- TASK STATEMENT -
Records follow. Copy every line with "tvertex".

- PROVIDED DATA -
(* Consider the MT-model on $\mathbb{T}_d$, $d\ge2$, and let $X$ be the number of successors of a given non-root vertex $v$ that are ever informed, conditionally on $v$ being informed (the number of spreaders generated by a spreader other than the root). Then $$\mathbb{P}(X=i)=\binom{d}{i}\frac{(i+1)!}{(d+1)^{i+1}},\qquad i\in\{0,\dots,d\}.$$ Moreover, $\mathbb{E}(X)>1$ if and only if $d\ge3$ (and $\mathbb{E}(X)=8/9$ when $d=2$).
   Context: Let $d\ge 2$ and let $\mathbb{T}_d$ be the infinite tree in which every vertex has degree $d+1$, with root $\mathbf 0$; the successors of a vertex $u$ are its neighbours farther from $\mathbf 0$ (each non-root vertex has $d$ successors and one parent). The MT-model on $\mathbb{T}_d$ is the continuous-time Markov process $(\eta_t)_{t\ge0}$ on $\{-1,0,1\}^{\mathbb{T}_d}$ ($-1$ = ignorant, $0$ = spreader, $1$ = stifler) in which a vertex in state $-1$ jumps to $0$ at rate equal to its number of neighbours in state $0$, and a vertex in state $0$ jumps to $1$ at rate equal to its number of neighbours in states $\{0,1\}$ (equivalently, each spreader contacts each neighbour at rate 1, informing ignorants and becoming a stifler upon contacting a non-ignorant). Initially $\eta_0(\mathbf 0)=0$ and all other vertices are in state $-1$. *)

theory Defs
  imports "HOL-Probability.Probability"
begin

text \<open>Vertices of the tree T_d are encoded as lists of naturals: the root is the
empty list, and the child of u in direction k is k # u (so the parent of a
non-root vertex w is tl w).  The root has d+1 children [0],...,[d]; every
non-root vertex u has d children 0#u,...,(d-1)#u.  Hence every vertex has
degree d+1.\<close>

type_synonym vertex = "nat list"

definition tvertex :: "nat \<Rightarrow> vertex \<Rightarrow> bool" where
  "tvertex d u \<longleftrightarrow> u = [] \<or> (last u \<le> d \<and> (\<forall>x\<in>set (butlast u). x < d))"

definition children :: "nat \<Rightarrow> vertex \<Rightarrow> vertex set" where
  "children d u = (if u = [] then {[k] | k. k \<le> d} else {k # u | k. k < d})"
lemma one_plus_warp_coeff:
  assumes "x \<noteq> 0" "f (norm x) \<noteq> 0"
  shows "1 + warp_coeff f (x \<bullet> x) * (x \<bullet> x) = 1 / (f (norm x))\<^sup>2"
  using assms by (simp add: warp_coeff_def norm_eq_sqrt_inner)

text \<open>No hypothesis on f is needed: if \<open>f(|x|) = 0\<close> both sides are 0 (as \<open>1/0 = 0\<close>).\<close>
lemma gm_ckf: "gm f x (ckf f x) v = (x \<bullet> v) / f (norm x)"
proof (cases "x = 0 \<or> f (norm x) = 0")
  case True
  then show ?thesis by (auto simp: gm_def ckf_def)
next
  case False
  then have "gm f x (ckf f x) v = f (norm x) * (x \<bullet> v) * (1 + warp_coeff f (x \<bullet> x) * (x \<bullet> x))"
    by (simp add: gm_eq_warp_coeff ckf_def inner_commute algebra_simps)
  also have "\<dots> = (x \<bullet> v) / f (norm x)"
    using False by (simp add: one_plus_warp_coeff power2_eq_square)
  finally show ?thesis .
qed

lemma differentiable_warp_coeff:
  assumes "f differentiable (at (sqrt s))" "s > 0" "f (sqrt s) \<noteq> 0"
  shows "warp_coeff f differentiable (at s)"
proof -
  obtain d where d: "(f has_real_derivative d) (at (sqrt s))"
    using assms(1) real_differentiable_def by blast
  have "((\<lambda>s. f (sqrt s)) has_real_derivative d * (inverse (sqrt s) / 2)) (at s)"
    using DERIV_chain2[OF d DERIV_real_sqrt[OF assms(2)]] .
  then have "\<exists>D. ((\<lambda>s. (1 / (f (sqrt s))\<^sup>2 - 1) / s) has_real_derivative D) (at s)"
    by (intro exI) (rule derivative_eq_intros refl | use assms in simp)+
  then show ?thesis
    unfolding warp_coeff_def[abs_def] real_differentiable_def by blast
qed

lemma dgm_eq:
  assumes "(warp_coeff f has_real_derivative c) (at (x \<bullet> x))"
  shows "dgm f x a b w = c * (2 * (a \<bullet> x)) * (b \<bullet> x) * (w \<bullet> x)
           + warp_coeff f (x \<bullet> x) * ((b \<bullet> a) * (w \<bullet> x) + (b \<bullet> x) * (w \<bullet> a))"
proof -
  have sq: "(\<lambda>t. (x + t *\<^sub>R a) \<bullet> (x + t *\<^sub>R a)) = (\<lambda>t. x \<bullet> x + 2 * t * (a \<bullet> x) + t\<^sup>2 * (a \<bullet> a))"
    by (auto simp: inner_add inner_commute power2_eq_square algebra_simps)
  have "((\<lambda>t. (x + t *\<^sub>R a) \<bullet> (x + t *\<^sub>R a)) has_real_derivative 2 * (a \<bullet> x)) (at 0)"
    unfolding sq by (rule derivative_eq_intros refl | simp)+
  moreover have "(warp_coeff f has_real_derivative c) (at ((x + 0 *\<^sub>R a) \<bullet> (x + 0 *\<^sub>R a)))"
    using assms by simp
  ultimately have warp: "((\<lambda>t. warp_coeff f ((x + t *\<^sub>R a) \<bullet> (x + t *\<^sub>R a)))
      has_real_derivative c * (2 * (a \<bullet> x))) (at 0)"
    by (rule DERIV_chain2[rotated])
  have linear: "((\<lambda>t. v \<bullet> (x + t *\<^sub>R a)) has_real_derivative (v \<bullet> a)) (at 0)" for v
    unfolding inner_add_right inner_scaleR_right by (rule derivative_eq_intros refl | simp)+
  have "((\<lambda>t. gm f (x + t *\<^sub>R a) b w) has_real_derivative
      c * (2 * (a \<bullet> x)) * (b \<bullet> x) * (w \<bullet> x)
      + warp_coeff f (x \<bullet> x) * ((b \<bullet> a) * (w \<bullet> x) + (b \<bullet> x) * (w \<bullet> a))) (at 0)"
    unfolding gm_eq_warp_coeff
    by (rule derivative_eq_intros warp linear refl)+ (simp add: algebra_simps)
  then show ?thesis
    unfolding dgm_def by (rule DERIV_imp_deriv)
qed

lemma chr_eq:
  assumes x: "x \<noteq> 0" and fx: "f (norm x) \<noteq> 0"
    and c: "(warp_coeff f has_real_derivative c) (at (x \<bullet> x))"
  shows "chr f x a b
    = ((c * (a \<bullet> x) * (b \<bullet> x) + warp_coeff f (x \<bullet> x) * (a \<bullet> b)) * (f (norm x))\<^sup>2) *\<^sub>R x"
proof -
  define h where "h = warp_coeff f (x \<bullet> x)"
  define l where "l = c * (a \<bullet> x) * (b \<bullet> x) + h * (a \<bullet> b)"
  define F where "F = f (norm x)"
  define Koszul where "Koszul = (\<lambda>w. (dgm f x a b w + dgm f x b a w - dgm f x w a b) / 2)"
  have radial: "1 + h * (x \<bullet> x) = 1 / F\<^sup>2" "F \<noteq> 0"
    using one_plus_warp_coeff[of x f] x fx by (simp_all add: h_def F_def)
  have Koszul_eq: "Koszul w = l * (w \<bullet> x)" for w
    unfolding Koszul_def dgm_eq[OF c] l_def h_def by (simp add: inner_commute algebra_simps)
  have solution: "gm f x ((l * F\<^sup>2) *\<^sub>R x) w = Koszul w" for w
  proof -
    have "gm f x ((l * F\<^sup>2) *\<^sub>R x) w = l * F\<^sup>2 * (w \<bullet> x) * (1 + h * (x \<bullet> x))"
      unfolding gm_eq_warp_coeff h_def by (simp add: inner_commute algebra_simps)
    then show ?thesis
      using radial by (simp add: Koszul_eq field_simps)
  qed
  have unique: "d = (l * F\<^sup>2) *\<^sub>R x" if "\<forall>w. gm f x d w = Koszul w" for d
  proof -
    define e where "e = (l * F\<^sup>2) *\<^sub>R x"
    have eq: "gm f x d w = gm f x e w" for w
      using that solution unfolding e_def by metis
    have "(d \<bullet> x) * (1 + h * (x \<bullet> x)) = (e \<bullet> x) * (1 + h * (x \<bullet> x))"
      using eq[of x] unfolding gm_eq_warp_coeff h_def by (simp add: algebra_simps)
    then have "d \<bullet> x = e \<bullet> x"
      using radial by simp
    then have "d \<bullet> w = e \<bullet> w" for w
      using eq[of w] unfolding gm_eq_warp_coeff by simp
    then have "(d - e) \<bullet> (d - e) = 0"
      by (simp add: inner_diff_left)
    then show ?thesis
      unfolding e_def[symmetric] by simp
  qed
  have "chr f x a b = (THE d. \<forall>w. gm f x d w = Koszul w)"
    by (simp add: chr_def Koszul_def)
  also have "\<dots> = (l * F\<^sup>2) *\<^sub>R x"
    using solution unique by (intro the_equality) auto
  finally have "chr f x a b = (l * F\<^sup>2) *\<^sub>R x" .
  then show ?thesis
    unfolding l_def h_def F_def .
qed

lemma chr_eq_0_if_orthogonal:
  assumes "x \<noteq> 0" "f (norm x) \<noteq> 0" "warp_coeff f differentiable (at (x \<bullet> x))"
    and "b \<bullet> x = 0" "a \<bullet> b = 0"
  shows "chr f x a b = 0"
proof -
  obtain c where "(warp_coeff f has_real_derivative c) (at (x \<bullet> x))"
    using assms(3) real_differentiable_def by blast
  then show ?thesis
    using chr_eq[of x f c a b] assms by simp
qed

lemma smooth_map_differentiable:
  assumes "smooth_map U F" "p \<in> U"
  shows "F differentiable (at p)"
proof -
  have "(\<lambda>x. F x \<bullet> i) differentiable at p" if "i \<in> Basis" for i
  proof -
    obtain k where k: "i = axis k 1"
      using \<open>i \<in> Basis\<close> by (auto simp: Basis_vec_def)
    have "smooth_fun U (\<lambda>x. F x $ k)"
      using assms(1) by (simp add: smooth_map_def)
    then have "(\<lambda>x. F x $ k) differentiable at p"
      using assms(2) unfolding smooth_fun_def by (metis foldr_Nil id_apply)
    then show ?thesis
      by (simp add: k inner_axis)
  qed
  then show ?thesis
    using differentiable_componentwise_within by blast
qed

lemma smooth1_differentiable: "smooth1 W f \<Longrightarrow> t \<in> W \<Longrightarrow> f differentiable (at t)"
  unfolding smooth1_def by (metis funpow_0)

- ANSWER TO THIS PROBLEM -
definition tvertex :: "nat \<Rightarrow> vertex \<Rightarrow> bool" where
  "tvertex d u \<longleftrightarrow> u = [] \<or> (last u \<le> d \<and> (\<forall>x\<in>set (butlast u). x < d))"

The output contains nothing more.